Pierre Corthay, bottier de formation et de métier, utilise les emballages les plus divers comme matière première pour ses travaux : cartons, coques thermoformées, matières plastiques, cales… Il les découpe, les assemble, les colle et les peint pour réaliser des volumes, de dimensions modestes, dont l’aspect évoque des matériaux plus nobles : bois, métal, porcelaine, céramique, terre cuite… Il les présente sur des étagères, comme les trophées d’un improbable cabinet de curiosités, ou accrochés au mur.
     Au-delà du propos sur la possible rédemption d’objets normalement voués au rebut, sa démarche a pour effet d’inverser les rôles. Ce qui était initialement conçu pour être contenant, creux, devient, par son action, contenu potentiel, convexe. L’accessoire se mue en objet digne d’intérêt… L’échelle des valeurs est subvertie. La chose dénaturée par son usage est, en quelque sorte, renaturée par l’intervention de l’artiste…
     Les couleurs sont chaleureuses, gourmandes comme celles de confiseries, contribuant, non sans malice, à brouiller encore un peu plus les pistes et à mener le spectateur là où il n’irait pas de lui-même.

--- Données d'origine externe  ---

lemma has_bochner_integral_std_gauss_norm_affine_sq:
  fixes a :: "real^'m::finite" and B :: "real^'n::finite^'m"
  shows "has_bochner_integral std_gauss (\<lambda>z. norm (a + B *v z)^2) (norm a^2 + norm B^2)"
proof -
  have "has_bochner_integral std_gauss
      (\<lambda>z. norm a^2 + 2 * ((a v* B) \<bullet> z) + (\<Sum>i\<in>UNIV. (B $ i \<bullet> z)^2))
      (norm a^2 + 2 * 0 + (\<Sum>i\<in>UNIV. norm (B $ i)^2))"
    by (intro has_bochner_integral_add has_bochner_integral_sum has_bochner_integral_mult_right
        has_bochner_integral_std_gauss_const has_bochner_integral_std_gauss_inner
        has_bochner_integral_std_gauss_inner_sq)
  moreover have "norm (a + B *v z)^2 = norm a^2 + 2 * ((a v* B) \<bullet> z) + (\<Sum>i\<in>UNIV. (B $ i \<bullet> z)^2)"
    for z
  proof -
    have "norm (B *v z)^2 = (\<Sum>i\<in>UNIV. (B *v z) $ i * (B *v z) $ i)"
      unfolding power2_norm_eq_inner inner_vec_def by simp
    also have "\<dots> = (\<Sum>i\<in>UNIV. (B $ i \<bullet> z)^2)"
      by (simp only: matrix_vector_mul_component power2_eq_square)
    finally have "norm (B *v z)^2 = (\<Sum>i\<in>UNIV. (B $ i \<bullet> z)^2)" .
    moreover have "norm (a + B *v z)^2 = norm a^2 + 2 * (a \<bullet> (B *v z)) + norm (B *v z)^2"
      by (simp add: power2_norm_eq_inner inner_add_left inner_add_right
          inner_commute[of "B *v z" a])
    ultimately show ?thesis
      by (simp add: dot_lmul_matrix)
  qed
  moreover have "(\<Sum>i\<in>UNIV. norm (B $ i)^2) = norm B^2"
    by (simp add: power2_norm_eq_inner inner_vec_def)
  ultimately show ?thesis
    by simp
qed

section \<open>Second-order bounds and Bregman divergences\<close>

lemma second_order_remainder_bounds:
  fixes f f' f'' :: "real \<Rightarrow> real"
  assumes f': "\<And>t. (f has_real_derivative f' t) (at t)"
    and f'': "\<And>t. (f' has_real_derivative f'' t) (at t)"
    and bounds: "\<And>t. a \<le> f'' t \<and> f'' t \<le> b"
  shows "a / 2 \<le> f 1 - f 0 - f' 0 \<and> f 1 - f 0 - f' 0 \<le> b / 2"
proof -
  define diff where "diff = (\<lambda>m::nat. if m = 0 then f else if m = 1 then f' else f'')"
  have "\<forall>m t. m < 2 \<and> 0 \<le> t \<and> t \<le> 1 \<longrightarrow> (diff m has_real_derivative diff (Suc m) t) (at t)"
    using f' f'' by (auto simp: diff_def less_2_cases_iff)
  then obtain t where "f 1 = (\<Sum>m<2. diff m 0 / fact m * 1 ^ m) + diff 2 t / fact 2 * 1 ^ 2"
    using Maclaurin2[of 1 diff f 2] by (auto simp: diff_def)
  then have "f 1 - f 0 - f' 0 = f'' t / 2"
    by (simp add: diff_def eval_nat_numeral)
  with bounds[of t] show ?thesis
    by simp
qed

Anne Da Silva développe une pratique plastique qui s’articule essentiellement autour de substances organiques, notamment, dans ses travaux les plus récents, les peaux, les arêtes et les écailles de poissons. Elle vise à donner à ces matériaux un aspect nouveau en les cuisant, trouant, grattant, tannant, cousant… au point de susciter un doute sur leur véritable nature.
     La notion de veille est sous-jacente à ces œuvres. Veille de ceux qui, restés à terre, attendent le retour des marins-pêcheurs. L’artiste déclare : à cette image de celui qui reste s’arrime celle du vide, d’un espace ouvert, infini et immatériel. L’absence, l’attente pour horizon, qu’il s’agit de domestiquer.
     Le spectateur chemine entre ces structures qui évoquent des corps de poissons que l’on tirerait hors de l’eau par la queue. On peut rentrer dans certaines comme dans une tente. D’autres sont entièrement cousues et ne présentent aucun passage. Elles sont souvent éclairées de l’intérieur et la transparence des peaux filtre la lumière en révélant la qualité graphique de leurs textures. Leur présentation se double souvent de créations sonores qui nous emmènent dans l’univers de sirènes aux chants obsédants.


De son travail, Lélia Demoisy écrit : « Mélanger les matières du vivant, peau, corne, bois… aux matières inertes du travail de l’homme redessine tout l’éventail de nos rapports à la nature et en bouleverse ainsi notre compréhension. Les pièces que je crée abordent les notions de corps et d’individu. Elles posent la question de l’utilisation de la matière du vivant, quelle qu’elle soit, comme ressource et, à l’inverse, la question de notre intervention dans les mondes clos de la nature. Mes recherches questionnent nos rapports avec cet environnement dont nous sommes issus et qui, par moments, nous paraît si éloigné. J’interroge ce lien, jamais neutre, que nous avons avec ces autres formes de vie. Il y a cohabitation, désir d’harmonie, rêverie, mais entre aussi en jeu la question du pouvoir, de la maîtrise, voire de la survie. Et il nous plaît de penser que nous pouvons être les grands organisateurs du monde, l’observant dans sa globalité avec détachement, alors que, en réalité, il n’y a aucune frontière. »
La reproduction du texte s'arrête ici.